* [INFORMATION]
=== Section Start ===
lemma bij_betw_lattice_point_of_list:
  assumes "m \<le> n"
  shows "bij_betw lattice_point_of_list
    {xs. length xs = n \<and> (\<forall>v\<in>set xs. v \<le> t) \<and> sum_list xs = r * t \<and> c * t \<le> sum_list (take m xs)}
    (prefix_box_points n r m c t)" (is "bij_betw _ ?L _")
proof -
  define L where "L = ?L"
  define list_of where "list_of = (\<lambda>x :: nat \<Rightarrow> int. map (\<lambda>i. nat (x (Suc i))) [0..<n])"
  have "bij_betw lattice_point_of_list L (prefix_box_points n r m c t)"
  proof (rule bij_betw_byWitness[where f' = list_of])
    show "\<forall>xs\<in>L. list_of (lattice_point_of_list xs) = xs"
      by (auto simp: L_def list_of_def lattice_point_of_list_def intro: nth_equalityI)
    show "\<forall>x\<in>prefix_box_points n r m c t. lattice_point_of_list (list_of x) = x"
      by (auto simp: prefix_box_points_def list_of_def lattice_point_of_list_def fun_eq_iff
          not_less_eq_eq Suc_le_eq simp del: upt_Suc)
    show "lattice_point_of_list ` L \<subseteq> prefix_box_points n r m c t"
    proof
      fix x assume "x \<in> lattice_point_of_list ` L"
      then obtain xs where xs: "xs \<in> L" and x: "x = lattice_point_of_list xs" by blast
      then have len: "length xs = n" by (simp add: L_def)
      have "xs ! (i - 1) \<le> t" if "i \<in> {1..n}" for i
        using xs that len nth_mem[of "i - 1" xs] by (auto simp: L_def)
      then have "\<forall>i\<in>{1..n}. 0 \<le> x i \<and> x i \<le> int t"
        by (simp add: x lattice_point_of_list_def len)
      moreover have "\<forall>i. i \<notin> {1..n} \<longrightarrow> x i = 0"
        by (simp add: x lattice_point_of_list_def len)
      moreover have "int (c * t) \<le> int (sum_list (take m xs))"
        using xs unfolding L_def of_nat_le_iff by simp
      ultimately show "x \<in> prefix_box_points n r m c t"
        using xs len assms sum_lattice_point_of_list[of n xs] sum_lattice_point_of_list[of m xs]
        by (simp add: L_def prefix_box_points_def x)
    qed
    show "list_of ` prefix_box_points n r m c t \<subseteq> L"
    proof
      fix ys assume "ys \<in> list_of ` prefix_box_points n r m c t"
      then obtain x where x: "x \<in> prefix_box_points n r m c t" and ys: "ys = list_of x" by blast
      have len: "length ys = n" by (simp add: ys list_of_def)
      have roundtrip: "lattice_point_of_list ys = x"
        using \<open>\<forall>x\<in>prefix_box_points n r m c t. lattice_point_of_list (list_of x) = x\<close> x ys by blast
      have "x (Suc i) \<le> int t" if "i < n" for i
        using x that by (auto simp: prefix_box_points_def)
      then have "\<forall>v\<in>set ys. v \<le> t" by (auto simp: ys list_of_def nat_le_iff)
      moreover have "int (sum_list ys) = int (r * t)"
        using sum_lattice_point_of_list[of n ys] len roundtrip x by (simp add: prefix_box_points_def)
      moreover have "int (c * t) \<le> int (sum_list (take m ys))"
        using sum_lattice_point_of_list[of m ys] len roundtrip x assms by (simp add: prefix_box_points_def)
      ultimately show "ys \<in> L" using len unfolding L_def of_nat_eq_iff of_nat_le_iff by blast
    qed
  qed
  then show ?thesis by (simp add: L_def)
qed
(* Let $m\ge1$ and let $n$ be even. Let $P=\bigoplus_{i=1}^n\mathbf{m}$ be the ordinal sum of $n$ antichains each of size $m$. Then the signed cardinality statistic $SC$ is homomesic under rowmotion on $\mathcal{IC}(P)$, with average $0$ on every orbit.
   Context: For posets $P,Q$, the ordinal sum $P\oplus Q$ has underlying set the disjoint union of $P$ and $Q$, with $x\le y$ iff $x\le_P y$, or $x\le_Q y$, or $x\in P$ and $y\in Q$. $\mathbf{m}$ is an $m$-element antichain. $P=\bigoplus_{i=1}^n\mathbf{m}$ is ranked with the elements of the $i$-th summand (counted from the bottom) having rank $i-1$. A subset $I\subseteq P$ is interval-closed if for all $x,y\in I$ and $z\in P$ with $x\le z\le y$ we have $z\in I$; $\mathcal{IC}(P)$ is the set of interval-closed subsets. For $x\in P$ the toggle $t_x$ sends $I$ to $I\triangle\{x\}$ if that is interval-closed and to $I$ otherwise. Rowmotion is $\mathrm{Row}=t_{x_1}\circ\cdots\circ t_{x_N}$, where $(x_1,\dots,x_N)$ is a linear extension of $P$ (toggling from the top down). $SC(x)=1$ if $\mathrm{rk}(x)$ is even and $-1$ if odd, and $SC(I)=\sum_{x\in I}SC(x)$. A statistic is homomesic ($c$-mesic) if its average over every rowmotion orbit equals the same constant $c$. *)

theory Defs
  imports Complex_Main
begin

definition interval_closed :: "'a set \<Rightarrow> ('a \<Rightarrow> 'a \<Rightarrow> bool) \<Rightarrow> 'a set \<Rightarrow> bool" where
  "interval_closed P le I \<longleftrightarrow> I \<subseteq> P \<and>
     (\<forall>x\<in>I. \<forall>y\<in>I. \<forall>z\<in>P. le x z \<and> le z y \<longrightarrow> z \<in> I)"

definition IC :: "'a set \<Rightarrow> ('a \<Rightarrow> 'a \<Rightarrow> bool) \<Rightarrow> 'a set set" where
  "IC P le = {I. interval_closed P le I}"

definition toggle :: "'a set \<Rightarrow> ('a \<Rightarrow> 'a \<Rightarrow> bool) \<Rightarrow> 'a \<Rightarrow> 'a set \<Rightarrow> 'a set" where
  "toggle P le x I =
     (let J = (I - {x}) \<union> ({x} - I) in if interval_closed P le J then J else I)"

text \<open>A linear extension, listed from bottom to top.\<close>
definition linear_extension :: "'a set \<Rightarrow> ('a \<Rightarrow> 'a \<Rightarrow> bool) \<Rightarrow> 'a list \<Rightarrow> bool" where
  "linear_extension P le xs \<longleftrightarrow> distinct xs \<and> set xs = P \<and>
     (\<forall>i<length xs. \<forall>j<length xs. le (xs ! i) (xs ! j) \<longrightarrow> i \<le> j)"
=== Section End ===
* [WHAT YOU NEED TO DO]
The records shown earlier should all be returned verbatim.

* [EXERCISE RESPONSE]
lemma bij_betw_lattice_point_of_list:
  assumes "m \<le> n"
  shows "bij_betw lattice_point_of_list
    {xs. length xs = n \<and> (\<forall>v\<in>set xs. v \<le> t) \<and> sum_list xs = r * t \<and> c * t \<le> sum_list (take m xs)}
    (prefix_box_points n r m c t)" (is "bij_betw _ ?L _")
proof -
  define L where "L = ?L"
  define list_of where "list_of = (\<lambda>x :: nat \<Rightarrow> int. map (\<lambda>i. nat (x (Suc i))) [0..<n])"
  have "bij_betw lattice_point_of_list L (prefix_box_points n r m c t)"
  proof (rule bij_betw_byWitness[where f' = list_of])
    show "\<forall>xs\<in>L. list_of (lattice_point_of_list xs) = xs"
      by (auto simp: L_def list_of_def lattice_point_of_list_def intro: nth_equalityI)
    show "\<forall>x\<in>prefix_box_points n r m c t. lattice_point_of_list (list_of x) = x"
      by (auto simp: prefix_box_points_def list_of_def lattice_point_of_list_def fun_eq_iff
          not_less_eq_eq Suc_le_eq simp del: upt_Suc)
    show "lattice_point_of_list ` L \<subseteq> prefix_box_points n r m c t"
    proof
      fix x assume "x \<in> lattice_point_of_list ` L"
      then obtain xs where xs: "xs \<in> L" and x: "x = lattice_point_of_list xs" by blast
      then have len: "length xs = n" by (simp add: L_def)
      have "xs ! (i - 1) \<le> t" if "i \<in> {1..n}" for i
        using xs that len nth_mem[of "i - 1" xs] by (auto simp: L_def)
      then have "\<forall>i\<in>{1..n}. 0 \<le> x i \<and> x i \<le> int t"
        by (simp add: x lattice_point_of_list_def len)
      moreover have "\<forall>i. i \<notin> {1..n} \<longrightarrow> x i = 0"
        by (simp add: x lattice_point_of_list_def len)
      moreover have "int (c * t) \<le> int (sum_list (take m xs))"
        using xs unfolding L_def of_nat_le_iff by simp
      ultimately show "x \<in> prefix_box_points n r m c t"
        using xs len assms sum_lattice_point_of_list[of n xs] sum_lattice_point_of_list[of m xs]
        by (simp add: L_def prefix_box_points_def x)
    qed
    show "list_of ` prefix_box_points n r m c t \<subseteq> L"
    proof
      fix ys assume "ys \<in> list_of ` prefix_box_points n r m c t"
      then obtain x where x: "x \<in> prefix_box_points n r m c t" and ys: "ys = list_of x" by blast
      have len: "length ys = n" by (simp add: ys list_of_def)
      have roundtrip: "lattice_point_of_list ys = x"
        using \<open>\<forall>x\<in>prefix_box_points n r m c t. lattice_point_of_list (list_of x) = x\<close> x ys by blast
      have "x (Suc i) \<le> int t" if "i < n" for i
        using x that by (auto simp: prefix_box_points_def)
      then have "\<forall>v\<in>set ys. v \<le> t" by (auto simp: ys list_of_def nat_le_iff)
      moreover have "int (sum_list ys) = int (r * t)"
        using sum_lattice_point_of_list[of n ys] len roundtrip x by (simp add: prefix_box_points_def)
      moreover have "int (c * t) \<le> int (sum_list (take m ys))"
        using sum_lattice_point_of_list[of m ys] len roundtrip x assms by (simp add: prefix_box_points_def)
      ultimately show "ys \<in> L" using len unfolding L_def of_nat_eq_iff of_nat_le_iff by blast
    qed
  qed
  then show ?thesis by (simp add: L_def)
qed
(* Let $m\ge1$ and let $n$ be even. Let $P=\bigoplus_{i=1}^n\mathbf{m}$ be the ordinal sum of $n$ antichains each of size $m$. Then the signed cardinality statistic $SC$ is homomesic under rowmotion on $\mathcal{IC}(P)$, with average $0$ on every orbit.
   Context: For posets $P,Q$, the ordinal sum $P\oplus Q$ has underlying set the disjoint union of $P$ and $Q$, with $x\le y$ iff $x\le_P y$, or $x\le_Q y$, or $x\in P$ and $y\in Q$. $\mathbf{m}$ is an $m$-element antichain. $P=\bigoplus_{i=1}^n\mathbf{m}$ is ranked with the elements of the $i$-th summand (counted from the bottom) having rank $i-1$. A subset $I\subseteq P$ is interval-closed if for all $x,y\in I$ and $z\in P$ with $x\le z\le y$ we have $z\in I$; $\mathcal{IC}(P)$ is the set of interval-closed subsets. For $x\in P$ the toggle $t_x$ sends $I$ to $I\triangle\{x\}$ if that is interval-closed and to $I$ otherwise. Rowmotion is $\mathrm{Row}=t_{x_1}\circ\cdots\circ t_{x_N}$, where $(x_1,\dots,x_N)$ is a linear extension of $P$ (toggling from the top down). $SC(x)=1$ if $\mathrm{rk}(x)$ is even and $-1$ if odd, and $SC(I)=\sum_{x\in I}SC(x)$. A statistic is homomesic ($c$-mesic) if its average over every rowmotion orbit equals the same constant $c$. *)

theory Defs
  imports Complex_Main
begin

definition interval_closed :: "'a set \<Rightarrow> ('a \<Rightarrow> 'a \<Rightarrow> bool) \<Rightarrow> 'a set \<Rightarrow> bool" where
  "interval_closed P le I \<longleftrightarrow> I \<subseteq> P \<and>
     (\<forall>x\<in>I. \<forall>y\<in>I. \<forall>z\<in>P. le x z \<and> le z y \<longrightarrow> z \<in> I)"

definition IC :: "'a set \<Rightarrow> ('a \<Rightarrow> 'a \<Rightarrow> bool) \<Rightarrow> 'a set set" where
  "IC P le = {I. interval_closed P le I}"

definition toggle :: "'a set \<Rightarrow> ('a \<Rightarrow> 'a \<Rightarrow> bool) \<Rightarrow> 'a \<Rightarrow> 'a set \<Rightarrow> 'a set" where
  "toggle P le x I =
     (let J = (I - {x}) \<union> ({x} - I) in if interval_closed P le J then J else I)"

text \<open>A linear extension, listed from bottom to top.\<close>
definition linear_extension :: "'a set \<Rightarrow> ('a \<Rightarrow> 'a \<Rightarrow> bool) \<Rightarrow> 'a list \<Rightarrow> bool" where
  "linear_extension P le xs \<longleftrightarrow> distinct xs \<and> set xs = P \<and>
     (\<forall>i<length xs. \<forall>j<length xs. le (xs ! i) (xs ! j) \<longrightarrow> i \<le> j)"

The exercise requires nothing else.